The Clean Water Initiative is working to protect the community from water pollution by toxic power plants. For decades, the power plant industry has opened a free way to release unlimited amounts of harmful chemicals including drinking water directly to surface water. Since new national protection measures should be implemented, we will compete with the power plant industry to weaken their efforts.

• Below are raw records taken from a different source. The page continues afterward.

(* Let $\mathcal H$ be a family of graphs. The following are equivalent: (i) there are constants $c_1=c_1(\mathcal H)$ and $c_2=c_2(\mathcal H)$ such that every $\mathcal H$-free graph $G$ has fewer than $c_2$ vertices of degree at least $c_1$; (ii) there is a positive integer $n$ such that $\mathcal H\le\{K_n,\ K_{n,n},\ nK_{1,n}\}$.
   Context: All graphs are finite, simple, undirected. For graphs $H_1,H_2$, write $H_1\prec H_2$ if $H_2$ contains an induced subgraph isomorphic to $H_1$. A graph $G$ is $\mathcal H$-free if no $H\in\mathcal H$ satisfies $H\prec G$. For families $\mathcal H_1,\mathcal H_2$, write $\mathcal H_1\le\mathcal H_2$ if for every $H_2\in\mathcal H_2$ there is $H_1\in\mathcal H_1$ with $H_1\prec H_2$. $K_n$ is the complete graph, $K_{s,t}$ the complete bipartite graph, and $nG$ the disjoint union of $n$ copies of $G$. *)

theory Defs
  imports Main "HOL-Library.Nat_Bijection"
begin

text \<open>A finite simple graph on natural-number vertices: a pair (V, E) with V finite
and E a set of 2-element subsets of V. Every finite simple graph is isomorphic to one of these.\<close>

type_synonym graph = "nat set \<times> nat set set"

definition wf_graph :: "graph \<Rightarrow> bool" where
  "wf_graph G \<longleftrightarrow> finite (fst G) \<and> (\<forall>e\<in>snd G. card e = 2 \<and> e \<subseteq> fst G)"

definition induced_sub :: "graph \<Rightarrow> graph \<Rightarrow> bool" (infix "\<prec>" 50) where
  "H \<prec> G \<longleftrightarrow> (\<exists>f. inj_on f (fst H) \<and> f ` fst H \<subseteq> fst G \<and>
      (\<forall>u\<in>fst H. \<forall>v\<in>fst H. {u, v} \<in> snd H \<longleftrightarrow> {f u, f v} \<in> snd G))"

"Playing cards EPA, plants are placed in public health protection and drinking chemicals to drink water sources, by allowing the benefits of pollutants" Jennifer Peters, director of National Water Clean Water Action Plan Says. "For decades, power plants have been dumping harmful pollutants such as toxic metals, such as bromide, which would cause carcinogenic by-products by drinking a water treatment process Lack of strong safeguards I will drink a water system to limit this contamination and that customer will continue to bear this burden of unchecked water pollution at the power plant. "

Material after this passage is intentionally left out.